Work task: All lines from the one with "using c unfolding" onward, through the last line of the records below, are to be retyped word for word.

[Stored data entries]

^^^^^^^^

(* Let $N\ge2$, $\Omega=\mathbb{R}^{N-1}\times(0,\infty)$, $\psi\in L^\infty(\partial\Omega)$. With $v_{\delta,k}$, $w_\delta$, $U$ as in the context, for every $L>0$ and $T>0$, \[\lim_{\delta\to\infty}\sup_{(x,t)\in\Omega_L^c\times(0,T)}|v_{\delta,k}(x,t)-U(x)|=0\ \text{for every fixed }k>0,\qquad \lim_{\delta\to\infty}\sup_{(x,t)\in\Omega_L^c\times(0,T)}|w_\delta(x,t)-U(x)|=0,\] where $\Omega_L^c=\{x\in\overline\Omega:x_N>L\}$.
   Context: $x=(x',x_N)$, $\partial\Omega\cong\mathbb{R}^{N-1}$ with surface measure $d\sigma$. $\Gamma_d(x,t)=(4\pi t)^{-d/2}e^{-|x|^2/(4t)}$, $\partial_\xi\Gamma_1$ is the spatial derivative of $\Gamma_1$. $P(x)=c_Nx_N|x|^{-N}$, $c_N=\pi^{-N/2}\Gamma(N/2)$. $\Phi_{\delta,k}(x,y,t):=-2\int_0^\infty\Gamma_{N-1}(x'-y',\frac k\delta t+\tau)\partial_\xi\Gamma_1(x_N+y_N+\frac t\delta,\tau)d\tau$; $v_{\delta,k}(x,t)=\int_{\partial\Omega}\Phi_{\delta,k}(x,y,t)\psi(y)d\sigma(y)$; $w_\delta(x,t)=\int_{\partial\Omega}P(x'-y',x_N+t/\delta)\psi(y)d\sigma(y)$; $U(x)=\int_{\partial\Omega}P(x'-y',x_N)\psi(y)d\sigma(y)$ (the Poisson integral solving $-\Delta U=0$ in $\Omega$, $U=\psi$ on $\partial\Omega$). *)

theory Defs
  imports "HOL-Analysis.Analysis"
begin

text \<open>Conventions: R^(N-1) is an arbitrary euclidean space 'a with N = DIM('a) + 1
  (so N >= 2 automatically). A point of Omega-bar is a pair (x', x_N) :: 'a * real,
  the boundary is identified with 'a (y = (y',0)) carrying Lebesgue measure lborel.\<close>

definition heat_kernel :: "nat \<Rightarrow> 'b::real_normed_vector \<Rightarrow> real \<Rightarrow> real" where
  "heat_kernel d z t = (4 * pi * t) powr (- real d / 2) * exp (- (norm z)\<^sup>2 / (4 * t))"

definition dheat1 :: "real \<Rightarrow> real \<Rightarrow> real" where
  "dheat1 \<xi> \<tau> = deriv (\<lambda>s. heat_kernel 1 s \<tau>) \<xi>"

definition Phi :: "real \<Rightarrow> real \<Rightarrow> 'a::euclidean_space \<times> real \<Rightarrow> 'a \<Rightarrow> real \<Rightarrow> real" where
  "Phi \<delta> k x y' t = - 2 * (LINT \<tau>:{0<..}|lborel.
      heat_kernel DIM('a) (fst x - y') (k / \<delta> * t + \<tau>) * dheat1 (snd x + 0 + t / \<delta>) \<tau>)"

definition v_fun :: "real \<Rightarrow> real \<Rightarrow> ('a::euclidean_space \<Rightarrow> real) \<Rightarrow> 'a \<times> real \<Rightarrow> real \<Rightarrow> real" where
  "v_fun \<delta> k \<psi> x t = (LINT y'|lborel. Phi \<delta> k x y' t * \<psi> y')"

definition c_const :: "nat \<Rightarrow> real" where
  "c_const N = pi powr (- real N / 2) * Gamma (real N / 2)"

definition poisson :: "'a::euclidean_space \<times> real \<Rightarrow> real" where
  "poisson x = c_const (DIM('a) + 1) * snd x * norm x powr (- real (DIM('a) + 1))"

definition w_fun :: "real \<Rightarrow> ('a::euclidean_space \<Rightarrow> real) \<Rightarrow> 'a \<times> real \<Rightarrow> real \<Rightarrow> real" where
  "w_fun \<delta> \<psi> x t = (LINT y'|lborel. poisson (fst x - y', snd x + t / \<delta>) * \<psi> y')"

definition U_fun :: "('a::euclidean_space \<Rightarrow> real) \<Rightarrow> 'a \<times> real \<Rightarrow> real" where
  "U_fun \<psi> x = (LINT y'|lborel. poisson (fst x - y', snd x) * \<psi> y')"

end

theory Submission
  imports Defs "HOL-Probability.Probability"
begin

text \<open>Let \<open>g\<^sub>\<xi>(\<tau>) := -2 \<partial>\<^sub>\<xi>\<Gamma>\<^sub>1(\<xi>,\<tau>) = (\<xi>/\<tau>) \<Gamma>\<^sub>1(\<xi>,\<tau>)\<close>, a probability density on \<open>(0,\<infinity>)\<close>. Then
  \<open>\<Phi>\<^sub>\<delta>\<^sub>,\<^sub>k(x,y,t) = K\<^sub>s\<^sub>,\<^sub>\<xi>(x' - y')\<close> with \<open>s = k t/\<delta>\<close>, \<open>\<xi> = x\<^sub>N + t/\<delta>\<close> and
  \<open>K\<^sub>s\<^sub>,\<^sub>\<xi>(z) = \<integral> g\<^sub>\<xi>(\<tau>) \<Gamma>\<^sub>N\<^sub>-\<^sub>1(z, s + \<tau>) d\<tau>\<close>, again a probability density. Subordination gives
  \<open>K\<^sub>0\<^sub>,\<^sub>\<xi>(z) = P(z, \<xi>)\<close>, so \<open>U\<close> and \<open>w\<^sub>\<delta> = v\<^sub>\<delta>\<^sub>,\<^sub>0\<close> are convolutions of \<open>\<psi>\<close> with such kernels too.
  The one-sided comparisons \<open>a g\<^sub>\<xi> \<le> \<xi> g\<^sub>a\<close> (for \<open>a \<le> \<xi>\<close>) and
  \<open>(\<tau>/(s+\<tau>))\<^bsup>(N-1)/2\<^esup> \<Gamma>(z,\<tau>) \<le> \<Gamma>(z,s+\<tau>)\<close> between probability densities yield \<open>L\<^sup>1\<close> bounds, whence
  \<open>\<parallel>K\<^sub>s\<^sub>,\<^sub>\<xi> - K\<^sub>0\<^sub>,\<^sub>a\<parallel>\<^sub>1 \<le> 2(1 - a/\<xi>) + 2(N-1)s/a\<^sup>2\<close>. With \<open>a = x\<^sub>N > L\<close> and \<open>t < T\<close> this is
  \<open>O(1/\<delta>)\<close> uniformly, and convolving with the bounded \<open>\<psi>\<close> preserves the bound.\<close>

lemma nn_integral_abs_diff_le_of_scaled_le:
  fixes f g :: "'b \<Rightarrow> real"
  assumes [measurable]: "f \<in> borel_measurable M" "g \<in> borel_measurable M"
    and f_nonneg: "\<And>x. 0 \<le> f x" and c: "0 \<le> c" "c \<le> 1" and scaled_le: "\<And>x. c * f x \<le> g x"
    and f_total: "(\<integral>\<^sup>+x. f x \<partial>M) = 1" and g_total: "(\<integral>\<^sup>+x. g x \<partial>M) = 1"
  shows "(\<integral>\<^sup>+x. ennreal \<bar>g x - f x\<bar> \<partial>M) \<le> ennreal (2 * (1 - c))"
proof -
  have cf_nonneg: "0 \<le> c * f x" for x
    using c f_nonneg by simp
  have "(\<integral>\<^sup>+x. ennreal \<bar>g x - f x\<bar> \<partial>M)
      \<le> (\<integral>\<^sup>+x. ennreal (g x - c * f x) + ennreal ((1 - c) * f x) \<partial>M)"
  proof (intro nn_integral_mono)
    fix x
    have "c * f x \<le> f x"
      using c f_nonneg[of x] mult_right_mono[of c 1 "f x"] by simp
    then have "\<bar>g x - f x\<bar> \<le> (g x - c * f x) + (1 - c) * f x"
      using scaled_le[of x] by (auto simp: abs_le_iff algebra_simps)
    then show "ennreal \<bar>g x - f x\<bar> \<le> ennreal (g x - c * f x) + ennreal ((1 - c) * f x)"
      using scaled_le[of x] f_nonneg[of x] c
      by (simp add: ennreal_leI flip: ennreal_plus)
  qed
  also have "\<dots> = (\<integral>\<^sup>+x. ennreal (g x - c * f x) \<partial>M) + (\<integral>\<^sup>+x. ennreal ((1 - c) * f x) \<partial>M)"
    by (rule nn_integral_add) auto
  also have "(\<integral>\<^sup>+x. ennreal ((1 - c) * f x) \<partial>M) = ennreal (1 - c)"
    using c f_nonneg f_total by (simp add: ennreal_mult nn_integral_cmult)
  also have "(\<integral>\<^sup>+x. ennreal (g x - c * f x) \<partial>M) = ennreal (1 - c)"
  proof -
    have cf_total: "(\<integral>\<^sup>+x. ennreal (c * f x) \<partial>M) = ennreal c"
      using c f_nonneg f_total by (simp add: ennreal_mult nn_integral_cmult)
    have "(\<integral>\<^sup>+x. ennreal (g x - c * f x) \<partial>M) = (\<integral>\<^sup>+x. ennreal (g x) - ennreal (c * f x) \<partial>M)"
      using cf_nonneg by (intro nn_integral_cong) (simp add: ennreal_minus)
    also have "\<dots> = (\<integral>\<^sup>+x. ennreal (g x) \<partial>M) - (\<integral>\<^sup>+x. ennreal (c * f x) \<partial>M)"
      using scaled_le cf_total by (intro nn_integral_diff AE_I2 ennreal_leI) auto
    finally show ?thesis
      using c unfolding cf_total g_total by (simp add: ennreal_minus flip: ennreal_1)
  qed
  also have "ennreal (1 - c) + ennreal (1 - c) = ennreal (2 * (1 - c))"
    using c by (simp flip: ennreal_plus)
  finally show ?thesis .
qed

^^^^^^^^

Answer for this exercise:
      using c unfolding cf_total g_total by (simp add: ennreal_minus flip: ennreal_1)
  qed
  also have "ennreal (1 - c) + ennreal (1 - c) = ennreal (2 * (1 - c))"
    using c by (simp flip: ennreal_plus)
  finally show ?thesis .
qed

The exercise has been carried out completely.